How To Get ONE OF THE MOST Out Of HIIT Training

How To Get ONE OF THE MOST Out Of HIIT Training 1

OK and that means you just signed up for Class Pass or a new gym and you want to look at some classes. If you’re explained by the above — this article is for you! And if you are that person who’s already doing HIIT classes but wants to obtain additional out of them this short article is also for you! But precisely what is HIIT training anyhow first? The result is an elevated heart rate for an extended period of time than your basic lifting weights or steady state cardio session which burns more body fat in less time.

Actually, it’s a little more technological than that and entails EPOC (excess post-exercise oxygen consumption) and some other things — but that is clearly a subject for a different article. This article is to arm you with a few quick tips to be sure you increase your HIIT workout every time.

Let’s jump right in but keeping in mind that the class format will vary from studio room to studio in this article I am focusing on the HIIT class platforms that utilize treadmills for sprints coupled with floor exercises. Since I am located in Beverly Hills, California here will be the local LA based studios that offer this style — I’m sure there are more but they are the primary ones I am most acquainted with.

Burn60 Studios – full disclosure – I am incomplete to the one since I also eventually teach here. From day to day In other words know your restrictions – which can vary. I usually remind my class students to do a body scan and check in to see if its a “yes day” or a “no day”. If all pistons are firing and everything feels all set – that’s a “yes day” and this is enough time to force extra hard. If you scan your system and things are a little achy or you feel a twinge in your knee or your back again etc. this is exactly what I call a “no day”.

This doesn’t mean you don’t workout, it just means you change the high impact exercises and/or hold back a bit and that means you don’t risk an injury. This way you’ll still take advantage of the gift of motion nevertheless, you honor the body along the way. You will still leave feeling much better than when you walked through the door but you go out – rather than limp away.

There are so many options on the fitness treadmill. As someone who has a chronic recurring 15 calendar year old hamstring damage – flat sprinting doesn’t always agree with my body so I attended up with some fun and very effective calorie burning alternatives. Do the same works as the mixed group but on an incline.
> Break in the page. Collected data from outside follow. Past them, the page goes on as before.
lemma energy_tendsto:
  assumes u: "u \<in> D" and h: "\<And>n. h n \<in> D"
    and lim: "(\<lambda>n. E (\<lambda>x. h n x - u x) (\<lambda>x. h n x - u x)) \<longlonglongrightarrow> 0"
  shows "(\<lambda>n. E (h n) (h n)) \<longlonglongrightarrow> E u u"
proof (rule LIMSEQ_I)
  fix e :: real assume e: "e > 0"
  define \<eta> where "\<eta> = e / (2 * (E u u + 1))"
  have \<eta>: "\<eta> > 0" "\<eta> * E u u < e / 2"
    using e nonneg[OF u] by (auto simp: \<eta>_def field_simps)
  obtain N where N: "\<And>n. n \<ge> N \<Longrightarrow> E (\<lambda>x. h n x - u x) (\<lambda>x. h n x - u x) < e / 2 / (1 + 1 / \<eta>)"
  proof -
    have "e / 2 / (1 + 1 / \<eta>) > 0" using e \<eta>(1) by (simp add: add_pos_pos)
    from LIMSEQ_D[OF lim this] obtain N
      where "\<forall>n\<ge>N. \<bar>E (\<lambda>x. h n x - u x) (\<lambda>x. h n x - u x)\<bar> < e / 2 / (1 + 1 / \<eta>)"
      by auto
    then show ?thesis by (intro that[of N]) (auto simp: abs_less_iff)
  qed
  have "\<bar>E (h n) (h n) - E u u\<bar> < e" if "n \<ge> N" for n
  proof -
    let ?d = "\<lambda>x. h n x - u x"
    have d: "?d \<in> D" using h u by (rule diff_in)
    have "E (h n) (h n) = E u u + 2 * E u ?d + E ?d ?d"
      using quadratic_add[OF u d] by simp
    moreover have "2 * \<bar>E u ?d\<bar> \<le> \<eta> * E u u + E ?d ?d / \<eta>"
      by (rule abs_le_weighted[OF u d \<eta>(1)])
    moreover have "E ?d ?d + E ?d ?d / \<eta> < e / 2"
      using N[OF that] \<eta>(1) by (simp add: field_simps)
    ultimately show ?thesis using \<eta>(2) nonneg[OF d] by linarith
  qed
  then show "\<exists>N. \<forall>n\<ge>N. norm (E (h n) (h n) - E u u) < e" by auto
qed

end

section \<open>Closed forms: lower semicontinuity and weak continuity\<close>

inductive_set tail_convex_combs :: "(nat \<Rightarrow> 'a \<Rightarrow> real) \<Rightarrow> nat \<Rightarrow> ('a \<Rightarrow> real) set"
  for F :: "nat \<Rightarrow> 'a \<Rightarrow> real" and N :: nat
where
  tail: "n \<ge> N \<Longrightarrow> F n \<in> tail_convex_combs F N"
| combine: "g \<in> tail_convex_combs F N \<Longrightarrow> h \<in> tail_convex_combs F N \<Longrightarrow> 0 \<le> t \<Longrightarrow> t \<le> 1
    \<Longrightarrow> (\<lambda>x. t * g x + (1 - t) * h x) \<in> tail_convex_combs F N"

lemma tail_convex_combs_antimono:
  assumes "N \<le> K" "g \<in> tail_convex_combs F K"
  shows "g \<in> tail_convex_combs F N"
  using assms(2) by induction (use assms(1) in \<open>auto intro: tail_convex_combs.intros\<close>)

lemma tail_convex_combs_midpoint:
  "g \<in> tail_convex_combs F N \<Longrightarrow> h \<in> tail_convex_combs F N
    \<Longrightarrow> (\<lambda>x. 1/2 * g x + 1/2 * h x) \<in> tail_convex_combs F N"
  using combine[of g F N h "1/2"] by (simp add: field_simps)

lemma tail_convex_combs_L2_close:
  assumes f: "f \<in> L2 M" and F: "\<And>n. n \<ge> N \<Longrightarrow> F n \<in> L2 M \<and> L2_sqdist M (F n) f \<le> e"
    and "g \<in> tail_convex_combs F N"
  shows "g \<in> L2 M \<and> L2_sqdist M g f \<le> e"
  using assms(3)
proof induction
  case (tail n)
  then show ?case using F by blast
next
  case (combine g h t)
  have gf: "(\<lambda>x. g x - f x) \<in> L2 M" and hf: "(\<lambda>x. h x - f x) \<in> L2 M"
    using combine.IH f by (auto intro: L2_diff)
  have "L2_sqdist M (\<lambda>x. t * g x + (1 - t) * h x) f
      \<le> (\<integral>x. t * (g x - f x)^2 + (1 - t) * (h x - f x)^2 \<partial>M)"
  proof (rule ip_self_le_integral)
    show "(\<lambda>x. t * g x + (1 - t) * h x - f x) \<in> borel_measurable M"
      using combine.IH f by (auto simp: L2_def)
    show "integrable M (\<lambda>x. t * (g x - f x)^2 + (1 - t) * (h x - f x)^2)"
      using gf hf by (auto simp: L2_def)
    show "(t * g x + (1 - t) * h x - f x)^2 \<le> t * (g x - f x)^2 + (1 - t) * (h x - f x)^2" for x
    proof -
      have "t * (g x - f x)^2 + (1 - t) * (h x - f x)^2 - (t * g x + (1 - t) * h x - f x)^2
          = t * (1 - t) * (g x - h x)^2"
        by (simp add: power2_eq_square algebra_simps)
      moreover have "0 \<le> t * (1 - t) * (g x - h x)^2" using combine.hyps by simp
      ultimately show ?thesis by linarith
    qed
  qed
  also have "\<dots> = t * L2_sqdist M g f + (1 - t) * L2_sqdist M h f"
    using gf hf by (simp add: ip_self_eq_integral L2_def)
  also have "\<dots> \<le> t * e + (1 - t) * e"
    using combine by (intro add_mono mult_left_mono) auto
  also have "\<dots> = e" by (simp add: algebra_simps)
  finally show ?case
    using combine.IH by (auto intro: L2_add L2_cmult)
qed

lemma tail_convex_combs_L2_tendsto:
  assumes f: "f \<in> L2 M" and F: "\<And>n. F n \<in> L2 M" and lim: "(\<lambda>n. L2_sqdist M (F n) f) \<longlonglongrightarrow> 0"
    and G: "\<And>N. G N \<in> tail_convex_combs F N"
  shows "(\<lambda>N. L2_sqdist M (G N) f) \<longlonglongrightarrow> 0"
proof (rule LIMSEQ_I)
  fix e :: real assume "e > 0"
  with order_tendstoD(2)[OF lim, of "e/2"] obtain N0
    where N0: "\<And>n. n \<ge> N0 \<Longrightarrow> L2_sqdist M (F n) f < e/2"
    by (auto simp: eventually_sequentially)
  have "L2_sqdist M (G N) f \<le> e/2" if "N \<ge> N0" for N
    using tail_convex_combs_L2_close[OF f _ tail_convex_combs_antimono[OF that G]] F N0
    by (meson less_imp_le)
  with \<open>e > 0\<close> have "norm (L2_sqdist M (G N) f - 0) < e" if "N \<ge> N0" for N
    using that ip_self_nonneg[of M "\<lambda>x. G N x - f x"] by fastforce
  then show "\<exists>N0. \<forall>N\<ge>N0. norm (L2_sqdist M (G N) f - 0) < e" by blast
qed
  • Relapse (leading back to the beginning and pre-contemplative)
  • Strap is constructed from high-grade TPU, which is also skin-friendly
  • Beef meat
  • Sara Kovach
  • Lift your leg and slip it either ahead or backward
  • Set an objective and make yourself responsible to it
  • Increased Positive Mood
  • 7 years back from St. Paul, minnesota

For example. Whether it’s a 30 second flat sprint where you may normally do 10.5 mph – take the incline to 6% and run at 6.0 mph or more. Trust me – your heartrate will still get high! It has made all the difference in my training since doing my runs this way and I haven’t re-injured my hamstring but still feel amazing after every treadmill workout.

As an apart – some girls in my classes have asked me “will my thighs increase from operating or walking on an incline?” The answer NO is! In all my 20 years as an individual trainer and fitness consultant I’ve never seen someone’s legs increase from doing incline running or walking. Think about it – just how many hikers have big legs? Of all women (and men) in LA who religiously hike Runyon Canyon day in and out, a day sometimes twice, have you any idea any with huge muscular thighs from hiking?